Alternative python packages

• tzfpy (less accurate, more lightweight, faster)

• pytzwhere (not maintained)

Comparison to tzfpy

Differences:

• tzfpy is a Python binding of the Rust package tzf-rs

• tzfpy has no startup time

• tzfpy uses simplified timezone polygons (data):

  • this reduces the memory requirements

  • this reduces the accuracy

  • this increases the lookup speed

• tzfpy uses hierarchical tree of rectangles to speed up the lookup but auto fall back to polygon data if cache miss

Comparison to pytzwhere

This project has originally been derived from pytzwhere (github), but aims at providing improved performance and usability.

pytzwhere is parsing a 76MB .csv file (floats stored as strings!) completely into memory and computing shortcuts from this data on every startup. This is time, memory and CPU consuming. Additionally calculating with floats is slow, keeping those 4M+ floats in the RAM all the time is unnecessary and the precision of floats is not even needed in this case (s. detailed comparison and speed tests below).

In comparison most notably initialisation time and memory usage are significantly reduced. pytzwhere is using up to 450MB of RAM (with shapely and numpy active), because it is parsing and keeping all the timezone polygons in the memory. This uses unnecessary time/ computation/ memory and this was the reason I created this package in the first place. This package uses at most 40MB (= encountered memory consumption of the python process) and has some more advantages:

Differences:

• highly decreased memory usage

• highly reduced start up time

• usage of 32bit int (instead of 64+bit float) reduces computing time and memory consumption. The accuracy of 32bit int is still high enough. According to my calculations the worst accuracy is 1cm at the equator.
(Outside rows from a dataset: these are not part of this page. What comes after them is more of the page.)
definition zinb_d2 :: "('r::ab_group_add \<Rightarrow> 'a \<Rightarrow> 'a) \<Rightarrow> ('a \<Rightarrow> 'r \<Rightarrow> 'a) \<Rightarrow> ('r \<Rightarrow> 'r \<Rightarrow> 'r)
    \<Rightarrow> ('r \<Rightarrow> 'r \<Rightarrow> 'a::ab_group_add) \<Rightarrow> 'r \<Rightarrow> 'r \<Rightarrow> 'r \<Rightarrow> 'a" where
  "zinb_d2 lam rho mu \<phi> x y z =
     lam x (\<phi> y z + \<phi> z y) - \<phi> (mu x y) z + \<phi> x (mu y z + mu z y) - rho (\<phi> x y) z"

text \<open>Deformation complex of f : R -> S. A 1-cochain is a pair (xi; pi) (C^0(R,S) = 0),
  a 2-cochain is a triple (xi; pi; phi) with phi in C^1(R,S).
  S is an R-bimodule via r.s = f(r).s and s.r = s.f(r).\<close>

definition zinb_d1f :: "('r \<Rightarrow> 'r \<Rightarrow> 'r) \<Rightarrow> ('s \<Rightarrow> 's \<Rightarrow> 's) \<Rightarrow> ('r \<Rightarrow> 's::ab_group_add)
    \<Rightarrow> ('r \<Rightarrow> 'r::ab_group_add) \<times> ('s \<Rightarrow> 's)
    \<Rightarrow> ('r \<Rightarrow> 'r \<Rightarrow> 'r) \<times> ('s \<Rightarrow> 's \<Rightarrow> 's) \<times> ('r \<Rightarrow> 's)" where
  "zinb_d1f mR mS f c = (case c of (\<xi>, \<pi>) \<Rightarrow>
     (zinb_d1 mR mR mR \<xi>, zinb_d1 mS mS mS \<pi>, \<lambda>x. f (\<xi> x) - \<pi> (f x)))"

definition zinb_d2f :: "('r \<Rightarrow> 'r \<Rightarrow> 'r) \<Rightarrow> ('s \<Rightarrow> 's \<Rightarrow> 's) \<Rightarrow> ('r \<Rightarrow> 's::ab_group_add)
    \<Rightarrow> ('r \<Rightarrow> 'r \<Rightarrow> 'r::ab_group_add) \<times> ('s \<Rightarrow> 's \<Rightarrow> 's) \<times> ('r \<Rightarrow> 's)
    \<Rightarrow> ('r \<Rightarrow> 'r \<Rightarrow> 'r \<Rightarrow> 'r) \<times> ('s \<Rightarrow> 's \<Rightarrow> 's \<Rightarrow> 's) \<times> ('r \<Rightarrow> 'r \<Rightarrow> 's)" where
  "zinb_d2f mR mS f c = (case c of (\<xi>, \<pi>, \<phi>) \<Rightarrow>
     (zinb_d2 mR mR mR \<xi>, zinb_d2 mS mS mS \<pi>,
      \<lambda>x y. f (\<xi> x y) - \<pi> (f x) (f y)
            - zinb_d1 (\<lambda>r s. mS (f r) s) (\<lambda>s r. mS s (f r)) mR \<phi> x y))"

definition zinb_C2f :: "('k::field \<Rightarrow> 'r::ab_group_add \<Rightarrow> 'r) \<Rightarrow> ('k \<Rightarrow> 's::ab_group_add \<Rightarrow> 's)
    \<Rightarrow> ('r \<Rightarrow> 'r \<Rightarrow> 'r) \<times> ('s \<Rightarrow> 's \<Rightarrow> 's) \<times> ('r \<Rightarrow> 's) \<Rightarrow> bool" where
  "zinb_C2f scR scS c = (case c of (\<xi>, \<pi>, \<phi>) \<Rightarrow>
     k_bilinear scR scR \<xi> \<and> k_bilinear scS scS \<pi> \<and> Vector_Spaces.linear scR scS \<phi>)"

definition zinb_2cocycle :: "('k::field \<Rightarrow> 'r::ab_group_add \<Rightarrow> 'r) \<Rightarrow> ('k \<Rightarrow> 's::ab_group_add \<Rightarrow> 's)
    \<Rightarrow> ('r \<Rightarrow> 'r \<Rightarrow> 'r) \<Rightarrow> ('s \<Rightarrow> 's \<Rightarrow> 's) \<Rightarrow> ('r \<Rightarrow> 's)
    \<Rightarrow> ('r \<Rightarrow> 'r \<Rightarrow> 'r) \<times> ('s \<Rightarrow> 's \<Rightarrow> 's) \<times> ('r \<Rightarrow> 's) \<Rightarrow> bool" where
  "zinb_2cocycle scR scS mR mS f c \<longleftrightarrow> zinb_C2f scR scS c \<and>
     zinb_d2f mR mS f c = ((\<lambda>_ _ _. 0), (\<lambda>_ _ _. 0), (\<lambda>_ _. 0))"

definition zinb_2coboundary :: "('k::field \<Rightarrow> 'r::ab_group_add \<Rightarrow> 'r) \<Rightarrow> ('k \<Rightarrow> 's::ab_group_add \<Rightarrow> 's)
    \<Rightarrow> ('r \<Rightarrow> 'r \<Rightarrow> 'r) \<Rightarrow> ('s \<Rightarrow> 's \<Rightarrow> 's) \<Rightarrow> ('r \<Rightarrow> 's)
    \<Rightarrow> ('r \<Rightarrow> 'r \<Rightarrow> 'r) \<times> ('s \<Rightarrow> 's \<Rightarrow> 's) \<times> ('r \<Rightarrow> 's) \<Rightarrow> bool" where
  "zinb_2coboundary scR scS mR mS f c \<longleftrightarrow>
     (\<exists>\<xi> \<pi>. Vector_Spaces.linear scR scR \<xi> \<and> Vector_Spaces.linear scS scS \<pi> \<and>
            c = zinb_d1f mR mS f (\<xi>, \<pi>))"

text \<open>The identities in *[[t]] for the K[[t]]-bilinear
  extensions are expressed coefficientwise (coefficient of t^n) on elements of R, S.\<close>

definition zinb_deformation ::
  "('k::field \<Rightarrow> 'r::ab_group_add \<Rightarrow> 'r) \<Rightarrow> ('k \<Rightarrow> 's::ab_group_add \<Rightarrow> 's)
   \<Rightarrow> ('r \<Rightarrow> 'r \<Rightarrow> 'r) \<Rightarrow> ('s \<Rightarrow> 's \<Rightarrow> 's) \<Rightarrow> ('r \<Rightarrow> 's)
   \<Rightarrow> (nat \<Rightarrow> 'r \<Rightarrow> 'r \<Rightarrow> 'r) \<Rightarrow> (nat \<Rightarrow> 's \<Rightarrow> 's \<Rightarrow> 's) \<Rightarrow> (nat \<Rightarrow> 'r \<Rightarrow> 's) \<Rightarrow> bool" where
  "zinb_deformation scR scS mR mS f mRs mSs fs \<longleftrightarrow>
     mRs 0 = mR \<and> mSs 0 = mS \<and> fs 0 = f \<and>
     (\<forall>i. zinb_C2f scR scS (mRs i, mSs i, fs i)) \<and>
     (\<forall>n x y z. (\<Sum>i\<le>n. mRs i (mRs (n - i) x y) z)
        = (\<Sum>i\<le>n. mRs i x (mRs (n - i) y z) + mRs i x (mRs (n - i) z y))) \<and>
     (\<forall>n x y z. (\<Sum>i\<le>n. mSs i (mSs (n - i) x y) z)
        = (\<Sum>i\<le>n. mSs i x (mSs (n - i) y z) + mSs i x (mSs (n - i) z y))) \<and>
     (\<forall>n x y. (\<Sum>i\<le>n. fs i (mRs (n - i) x y))
        = (\<Sum>i\<le>n. \<Sum>j\<le>n - i. mSs i (fs j x) (fs (n - i - j) y)))"

definition formal_inverse :: "(nat \<Rightarrow> 'a \<Rightarrow> 'a::ab_group_add) \<Rightarrow> (nat \<Rightarrow> 'a \<Rightarrow> 'a) \<Rightarrow> bool" where
  "formal_inverse \<phi> \<psi> \<longleftrightarrow>
     (\<forall>n x. (\<Sum>i\<le>n. \<phi> i (\<psi> (n - i) x)) = (if n = 0 then x else 0)) \<and>
     (\<forall>n x. (\<Sum>i\<le>n. \<psi> i (\<phi> (n - i) x)) = (if n = 0 then x else 0))"

definition zinb_equivalent ::
  "('k::field \<Rightarrow> 'r::ab_group_add \<Rightarrow> 'r) \<Rightarrow> ('k \<Rightarrow> 's::ab_group_add \<Rightarrow> 's)
   \<Rightarrow> (nat \<Rightarrow> 'r \<Rightarrow> 'r \<Rightarrow> 'r) \<Rightarrow> (nat \<Rightarrow> 's \<Rightarrow> 's \<Rightarrow> 's) \<Rightarrow> (nat \<Rightarrow> 'r \<Rightarrow> 's)
   \<Rightarrow> (nat \<Rightarrow> 'r \<Rightarrow> 'r \<Rightarrow> 'r) \<Rightarrow> (nat \<Rightarrow> 's \<Rightarrow> 's \<Rightarrow> 's) \<Rightarrow> (nat \<Rightarrow> 'r \<Rightarrow> 's) \<Rightarrow> bool" where
  "zinb_equivalent scR scS mRs mSs fs mRs' mSs' fs' \<longleftrightarrow>
     (\<exists>\<phi>R \<phi>S \<psi>R \<psi>S.
        \<phi>R 0 = id \<and> \<phi>S 0 = id \<and>
        (\<forall>i. Vector_Spaces.linear scR scR (\<phi>R i) \<and> Vector_Spaces.linear scS scS (\<phi>S i)) \<and>
        formal_inverse \<phi>R \<psi>R \<and> formal_inverse \<phi>S \<psi>S \<and>
        (\<forall>n x y. mRs' n x y = (\<Sum>i\<le>n. \<Sum>j\<le>n - i. \<Sum>k\<le>n - i - j.
            \<phi>R i (mRs j (\<psi>R k x) (\<psi>R (n - i - j - k) y)))) \<and>
        (\<forall>n x y. mSs' n x y = (\<Sum>i\<le>n. \<Sum>j\<le>n - i. \<Sum>k\<le>n - i - j.
            \<phi>S i (mSs j (\<psi>S k x) (\<psi>S (n - i - j - k) y)))) \<and>
        (\<forall>n x. fs' n x = (\<Sum>i\<le>n. \<Sum>j\<le>n - i. \<phi>S i (fs j (\<psi>R (n - i - j) x)))))"

end

theory Submission
  imports Defs
begin

text \<open>If \<open>\<theta>_1, ..., \<theta>_l\<close> vanish, the coefficient of \<open>t^(l+1)\<close> in the Zinbiel identities
  for \<open>M_{R,t}\<close>, \<open>M_{S,t}\<close> and in the morphism identity for \<open>F_t\<close> involves only \<open>\<theta>_0\<close> and
  \<open>\<theta>_{l+1}\<close>, and it says precisely \<open>d^2_f \<theta>_{l+1} = 0\<close>. For equivalent deformations,
  \<open>\<Phi>_t = Id + \<phi>_1 t + ...\<close> has inverse \<open>Id - \<phi>_1 t + ...\<close>, so the first-order coefficients
  of the conjugated structures give \<open>\<theta>_1 - \<theta>'_1 = d^1_f (\<phi>_{R,1}; \<phi>_{S,1})\<close>.\<close>

lemma sum_atMost_first_last:
  fixes g :: "nat \<Rightarrow> 'a::comm_monoid_add"
  assumes "\<And>i. 0 < i \<Longrightarrow> i < n \<Longrightarrow> g i = 0" and "0 < n"
  shows "sum g {..n} = g 0 + g n"
proof -
  have "sum g {..n} = sum g {0, n}"
    by (rule sum.mono_neutral_right) (use assms in \<open>auto simp: le_less\<close>)
  then show ?thesis using assms(2) by simp
qed

lemma k_bilinearD:
  assumes "k_bilinear s1 s2 m"
  shows k_bilinear_add_right: "m x (a + b) = m x a + m x b"
    and k_bilinear_minus_right: "m x (- a) = - m x a"
    and k_bilinear_minus_left: "m (- a) y = - m a y"
    and k_bilinear_zero_left: "m 0 y = 0"
proof -
  have "module_hom s1 s2 (m x)" and "module_hom s1 s2 (\<lambda>x. m x y)"
    using assms by (auto simp: k_bilinear_def linear_iff_module_hom)
  then show "m x (a + b) = m x a + m x b" "m x (- a) = - m x a"
    "m (- a) y = - m a y" "m 0 y = 0"
    using module_hom.add module_hom.neg module_hom.zero by fastforce+
qed

lemma zinbiel_coeff_d2_eq_0:
  fixes ms :: "nat \<Rightarrow> 'a \<Rightarrow> 'a \<Rightarrow> 'a::ab_group_add"
  assumes zinb: "(\<Sum>i\<le>n. ms i (ms (n - i) x y) z)
      = (\<Sum>i\<le>n. ms i x (ms (n - i) y z) + ms i x (ms (n - i) z y))"
    and vanish: "\<And>i. 0 < i \<Longrightarrow> i < n \<Longrightarrow> ms i = (\<lambda>_ _. 0)"
    and "0 < n"
    and add_right: "\<And>k a b. ms k x (a + b) = ms k x a + ms k x b"
  shows "zinb_d2 (ms 0) (ms 0) (ms 0) (ms n) x y z = 0"
proof -
  have "(\<Sum>i\<le>n. ms i (ms (n - i) x y) z) = ms 0 (ms n x y) z + ms n (ms 0 x y) z"
    by (subst sum_atMost_first_last) (simp_all add: vanish \<open>0 < n\<close>)
  moreover have "(\<Sum>i\<le>n. ms i x (ms (n - i) y z) + ms i x (ms (n - i) z y))
      = (ms 0 x (ms n y z) + ms 0 x (ms n z y)) + (ms n x (ms 0 y z) + ms n x (ms 0 z y))"
    by (subst sum_atMost_first_last) (simp_all add: vanish \<open>0 < n\<close>)
  ultimately show ?thesis
    using zinb by (simp add: zinb_d2_def add_right algebra_simps)
qed

lemma morphism_coeff_d1_eq:
  fixes mRs :: "nat \<Rightarrow> 'r \<Rightarrow> 'r \<Rightarrow> 'r" and mSs :: "nat \<Rightarrow> 's \<Rightarrow> 's \<Rightarrow> 's::ab_group_add"
    and fs :: "nat \<Rightarrow> 'r \<Rightarrow> 's"
  assumes morph: "(\<Sum>i\<le>n. fs i (mRs (n - i) x y))
      = (\<Sum>i\<le>n. \<Sum>j\<le>n - i. mSs i (fs j x) (fs (n - i - j) y))"
    and vanish: "\<And>i. 0 < i \<Longrightarrow> i < n \<Longrightarrow> mSs i = (\<lambda>_ _. 0) \<and> fs i = (\<lambda>_. 0)"
    and "0 < n"
    and zero_left: "\<And>b. mSs 0 0 b = 0"
  shows "fs 0 (mRs n x y) - mSs n (fs 0 x) (fs 0 y)
      = zinb_d1 (\<lambda>r s. mSs 0 (fs 0 r) s) (\<lambda>s r. mSs 0 s (fs 0 r)) (mRs 0) (fs n) x y"
proof -
  have "(\<Sum>i\<le>n. fs i (mRs (n - i) x y)) = fs 0 (mRs n x y) + fs n (mRs 0 x y)"
    by (subst sum_atMost_first_last) (simp_all add: vanish \<open>0 < n\<close>)
  moreover have "(\<Sum>j\<le>n. mSs 0 (fs j x) (fs (n - j) y))
      = mSs 0 (fs 0 x) (fs n y) + mSs 0 (fs n x) (fs 0 y)"
    by (subst sum_atMost_first_last) (simp_all add: vanish zero_left \<open>0 < n\<close>)
  then have "(\<Sum>i\<le>n. \<Sum>j\<le>n - i. mSs i (fs j x) (fs (n - i - j) y))
      = mSs 0 (fs 0 x) (fs n y) + mSs 0 (fs n x) (fs 0 y) + mSs n (fs 0 x) (fs 0 y)"
    by (subst sum_atMost_first_last) (simp_all add: vanish \<open>0 < n\<close>)
  ultimately show ?thesis
    using morph by (simp add: zinb_d1_def algebra_simps)
qed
This is far more precise than the discrete polygons in the data.

• the data is stored in memory friendly binary files (approx. 41MB in total, original data 120MB .json)

• data is only being read on demand (not completely read into memory if not needed)

• precomputed shortcuts are included to quickly look up which polygons have to be checked

• function get_geometry() enables querying timezones for their geometric shape (= multipolygon with holes)

• further speedup possible by the use of numba (code JIT compilation)

• tz_where is still using the outdated tz_world data set

Contact

Tell me if and how your are using this package. This encourages me to develop and test it further.

Most certainly there is stuff I missed, things I could have optimized even further or explained more clearly, etc. I would be really glad to get some feedback.

If you encounter any bugs, have suggestions etc. do not hesitate to open an Issue or add a Pull Requests on Git. Please refer to the contribution guidelines

Acknowledgements

Thanks to:

• Adam for adding organisational features to the project and for helping me with publishing and testing routines.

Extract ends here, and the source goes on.